Add some notes on initial evaluation tooling

awwaiid · Nov 23, 2024 · f7ee1d8 · f7ee1d8
1 parent badbccd
commit f7ee1d8
Showing 1 changed file with 9 additions and 0 deletions.
diff --git a/README.md b/README.md
@@ -68,6 +68,15 @@ Draw some stuff on your screen, and then trigger the assistant by *touching/tapp
   * It is able to use an almost identical tool-use setup, so I should be able to merge the two
   * So far it seems to like drawing a bit more, but it is not great at drawing and not much better at spacial awareness
   * Maybe next on the queue will be augmenting spacial awareness through some image pre-processing and result positioning. Like detect bounding boxes, segments, etc, feed that into the model, and have the model return an array of svgs and where they should be positioned.
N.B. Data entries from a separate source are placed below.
(* Let $n\ge3$ and $x^\Lambda\partial_k\in\mathcal{B}$. Then $\mathrm{WD}(x^\Lambda\partial_k)\ge n-k$, with equality if and only if $x^\Lambda\partial_k=x_1^{\lambda_1}\partial_k$. Moreover, if $\mathrm{lev}_i(x^\Lambda\partial_k)\le i$ for some integer $i\ge-1$, then $\mathrm{WD}(x^\Lambda\partial_k)\le n-1$, with equality if and only if $x^\Lambda\partial_k=\partial_1$.
   Context: Fix an integer $n\ge 3$. A partition is a sequence $\Lambda=(\lambda_j)_{j\ge1}$ of non-negative integers with finite support; $\mathrm{wt}(\Lambda)=\sum_j j\lambda_j$; $\mathrm{Part}(k)$ is the set of partitions with $\lambda_j=0$ for $j>k$. Write $x^\Lambda=\prod_j x_j^{\lambda_j}$, $\deg(x^\Lambda)=\sum_j\lambda_j$. $\mathcal{B}=\{x^\Lambda\partial_k : 1\le k\le n,\ \Lambda\in\mathrm{Part}(k-1)\}$. For an integer $i\ge-1$, let $r_i\in\{1,\dots,n-1\}$ with $i\equiv r_i\pmod{n-1}$ and $h_i=\lfloor (i-1)/(n-1)\rfloor+1$. Define $\mathrm{WD}(x^\Lambda\partial_k)=\mathrm{wt}(\Lambda)-\deg(x^\Lambda)+n-k$ and $\mathrm{lev}_i(x^\Lambda\partial_k)=h_i\,\mathrm{WD}(x^\Lambda\partial_k)+\deg(x^\Lambda)-1$. *)

theory Defs
  imports Main
begin

text \<open>A partition is a sequence (lambda_j) indexed by j >= 1 of naturals with finite support.
  We represent it as a function nat => nat and, by convention, require the (unused) entry at
  index 0 to be 0.\<close>

definition is_partition :: "(nat \<Rightarrow> nat) \<Rightarrow> bool" where
  "is_partition L \<longleftrightarrow> L 0 = 0 \<and> finite {j. L j \<noteq> 0}"

definition Part :: "nat \<Rightarrow> (nat \<Rightarrow> nat) set" where
  "Part k = {L. is_partition L \<and> (\<forall>j>k. L j = 0)}"

definition wt :: "(nat \<Rightarrow> nat) \<Rightarrow> nat" where
  "wt L = (\<Sum>j\<in>{j. L j \<noteq> 0}. j * L j)"

definition mdeg :: "(nat \<Rightarrow> nat) \<Rightarrow> nat" where
  "mdeg L = (\<Sum>j\<in>{j. L j \<noteq> 0}. L j)"

text \<open>The monomial vector field x^L d_k is represented by the pair (L, k).\<close>

definition inB :: "nat \<Rightarrow> (nat \<Rightarrow> nat) \<Rightarrow> nat \<Rightarrow> bool" where
  "inB n L k \<longleftrightarrow> 1 \<le> k \<and> k \<le> n \<and> L \<in> Part (k - 1)"

definition WD :: "nat \<Rightarrow> (nat \<Rightarrow> nat) \<Rightarrow> nat \<Rightarrow> int" where
  "WD n L k = int (wt L) - int (mdeg L) + int n - int k"

definition hh :: "nat \<Rightarrow> int \<Rightarrow> int" where
  "hh n i = (i - 1) div (int n - 1) + 1"

definition lev :: "nat \<Rightarrow> int \<Rightarrow> (nat \<Rightarrow> nat) \<Rightarrow> nat \<Rightarrow> int" where
  "lev n i L k = hh n i * WD n L k + int (mdeg L) - 1"

end

theory Submission
  imports Defs
begin

text \<open>Since \<open>wt \<Lambda> - deg \<Lambda> = \<Sum>\<^sub>j (j - 1) \<lambda>\<^sub>j\<close>, the first claim is immediate. For the second, write
  \<open>i \<le> h\<^sub>i (n - 1)\<close> with \<open>h\<^sub>i \<ge> 0\<close>: if \<open>WD \<ge> n - 1\<close> then \<open>lev\<^sub>i \<ge> i + deg - 1\<close>, so \<open>lev\<^sub>i \<le> i\<close>
  forces \<open>deg \<le> 1\<close>. Then either \<open>\<Lambda> = 0\<close> and \<open>WD = n - k\<close>, or \<open>x\<^sup>\<Lambda> = x\<^sub>j\<close> with \<open>j < k\<close> and
  \<open>WD = n - 1 - (k - j) < n - 1\<close>.\<close>

lemma wt_eq_mdeg_plus:
  assumes "is_partition L"
  shows "wt L = mdeg L + (\<Sum>j\<in>{j. L j \<noteq> 0}. (j - 1) * L j)"
proof -
  have "L 0 = 0" using assms by (simp add: is_partition_def)
  then have "j * L j = L j + (j - 1) * L j" if "L j \<noteq> 0" for j
    using that by (cases j) auto
  then show ?thesis
    unfolding wt_def mdeg_def sum.distrib[symmetric] by (auto intro: sum.cong)
qed

lemma mdeg_le_wt: "is_partition L \<Longrightarrow> mdeg L \<le> wt L"
  by (simp add: wt_eq_mdeg_plus)

lemma mdeg_eq_wt_iff:
  assumes "is_partition L"
  shows "mdeg L = wt L \<longleftrightarrow> (\<forall>j\<ge>2. L j = 0)"
proof -
  have fin: "finite {j. L j \<noteq> 0}" and "L 0 = 0"
    using assms by (auto simp: is_partition_def)
  then have "(j - 1) * L j = 0 \<longleftrightarrow> (2 \<le> j \<longrightarrow> L j = 0)" for j
    by (cases j) auto
  then have "(\<Sum>j\<in>{j. L j \<noteq> 0}. (j - 1) * L j) = 0 \<longleftrightarrow> (\<forall>j\<ge>2. L j = 0)"
    using fin by (auto simp only: sum_eq_0_iff mem_Collect_eq)
  then show ?thesis
    by (simp add: wt_eq_mdeg_plus[OF assms])
qed

lemma mdeg_eq_0_iff: "is_partition L \<Longrightarrow> mdeg L = 0 \<longleftrightarrow> (\<forall>j. L j = 0)"
  by (auto simp: is_partition_def mdeg_def)

lemma wt_le_mult_mdeg:
  assumes "L \<in> Part m"
  shows "wt L \<le> m * mdeg L"
proof -
  have "j \<le> m" if "L j \<noteq> 0" for j
    using assms that by (auto simp: Part_def not_less[symmetric])
  then have "wt L \<le> (\<Sum>j\<in>{j. L j \<noteq> 0}. m * L j)"
    unfolding wt_def by (intro sum_mono) simp
  also have "\<dots> = m * mdeg L"
    by (simp add: mdeg_def sum_distrib_left)
  finally show ?thesis .
qed

lemma WD_zero_1: "WD n (\<lambda>_. 0) 1 = int n - 1"
  by (simp add: WD_def wt_def mdeg_def)

lemma WD_ge:
  assumes "inB n L k"
  shows "int n - int k \<le> WD n L k"
  using assms mdeg_le_wt by (auto simp: inB_def Part_def WD_def)

lemma WD_eq_iff:
  assumes "inB n L k"
  shows "WD n L k = int n - int k \<longleftrightarrow> (\<forall>j\<ge>2. L j = 0)"
  using assms mdeg_eq_wt_iff[symmetric] by (auto simp: inB_def Part_def WD_def)

lemma WD_of_mdeg_le_1:
  assumes "inB n L k" and "mdeg L \<le> 1"
  shows "WD n L k \<le> int n - 1 \<and> (WD n L k = int n - 1 \<longleftrightarrow> k = 1 \<and> (\<forall>j. L j = 0))"
proof -
  have k: "1 \<le> k" and P: "L \<in> Part (k - 1)" and "is_partition L"
    using assms(1) by (auto simp: inB_def Part_def)
  consider "mdeg L = 0" | "mdeg L = 1" using assms(2) by linarith
  then show ?thesis
  proof cases
    case 1
    then have "\<forall>j. L j = 0" using mdeg_eq_0_iff \<open>is_partition L\<close> by blast
    with 1 have "wt L = 0" by (simp add: wt_def)
    with 1 \<open>\<forall>j. L j = 0\<close> k show ?thesis by (simp add: WD_def)
  next
    case 2
    then have "wt L \<le> k - 1" using wt_le_mult_mdeg[OF P] by simp
    with 2 k show ?thesis by (auto simp: WD_def mdeg_eq_0_iff[symmetric] \<open>is_partition L\<close>)
  qed
qed

lemma hh_nonneg:
  assumes "n \<ge> 2" and "2 - int n \<le> i"
  shows "0 \<le> hh n i"
proof -
  define m where "m = int n - 1"
  have "m > 0" using assms(1) by (simp add: m_def)
  then have "-1 = (- m) div m" by (simp add: zdiv_zminus1_eq_if)
  also have "\<dots> \<le> (i - 1) div m"
    using assms by (intro zdiv_mono1) (auto simp: m_def)
  finally show ?thesis by (simp add: hh_def m_def)
qed

lemma le_hh_mult:
  assumes "n \<ge> 2"
  shows "i \<le> hh n i * (int n - 1)"
proof -
  have "(i - 1) mod (int n - 1) < int n - 1"
    using assms by simp
  then show ?thesis
    using div_mult_mod_eq[of "i - 1" "int n - 1"] by (simp add: hh_def algebra_simps)
qed

lemma lev_ge_of_WD_ge:
  assumes "n \<ge> 2" and "0 \<le> hh n i" and "int n - 1 \<le> WD n L k"
  shows "i + int (mdeg L) - 1 \<le> lev n i L k"
proof -
  have "i \<le> hh n i * (int n - 1)" using le_hh_mult[OF assms(1)] .
  also have "\<dots> \<le> hh n i * WD n L k" using assms(3,2) by (rule mult_left_mono)
  finally show ?thesis by (simp add: lev_def)
qed

theorem lemma2p2:
  fixes n k :: nat and L :: "nat \<Rightarrow> nat"
  assumes "n \<ge> 3" and "inB n L k"
  shows "WD n L k \<ge> int n - int k
    \<and> (WD n L k = int n - int k \<longleftrightarrow> (\<forall>j\<ge>2. L j = 0))
    \<and> (\<forall>i::int. i \<ge> -1 \<and> lev n i L k \<le> i \<longrightarrow>
          WD n L k \<le> int n - 1
          \<and> (WD n L k = int n - 1 \<longleftrightarrow> (k = 1 \<and> (\<forall>j. L j = 0))))"
proof -
  have "WD n L k \<le> int n - 1 \<and> (WD n L k = int n - 1 \<longleftrightarrow> k = 1 \<and> (\<forall>j. L j = 0))"
    if i: "i \<ge> -1" "lev n i L k \<le> i" for i :: int
  proof (cases "WD n L k < int n - 1")
    case True
    have "\<not> (k = 1 \<and> (\<forall>j. L j = 0))"
    proof
      assume "k = 1 \<and> (\<forall>j. L j = 0)"
      then have "k = 1" "L = (\<lambda>_. 0)" by auto
      with True WD_zero_1 show False by simp
    qed
    with True show ?thesis by simp
  next
    case False
    have "0 \<le> hh n i" using assms(1) i by (intro hh_nonneg) auto
    with False assms(1) have "i + int (mdeg L) - 1 \<le> lev n i L k"
      by (intro lev_ge_of_WD_ge) auto
    with i have "mdeg L \<le> 1" by linarith
    with assms(2) show ?thesis by (rule WD_of_mdeg_le_1)
  qed
  with assms(2) WD_ge WD_eq_iff show ?thesis by blast
qed

end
Maybe.
+* **2024-11-22** - Manual Evaluations
+  * Starting to sketch out how an evaluation might work
+  * First I've added a bunch of parameters for recording input/output
+  * Then I use that to record a sample input and output on the device
+  * Then I added support to run ghostwriter on my laptop using the pre-captured input
+  * Next I will build some tooling around iterating on examples given different prompts or pre-processing
+  * And then if I can get enough examples maye I'll have to make an AI judge to scale :)
+  * To help with that ... on idea is to make overlay the original input with the output but make the output a different color to make it differentiable by the judge
+  * So far this technique is looking good for SVG output, but it'd be nice to somehow render keyboard output locally too. That is tricker since the keyboard input rendering is done by the reMarkable app
 
 ## Ideas
 * [DONE] Matt showed me his iOS super calc that just came out, take inspiration from that!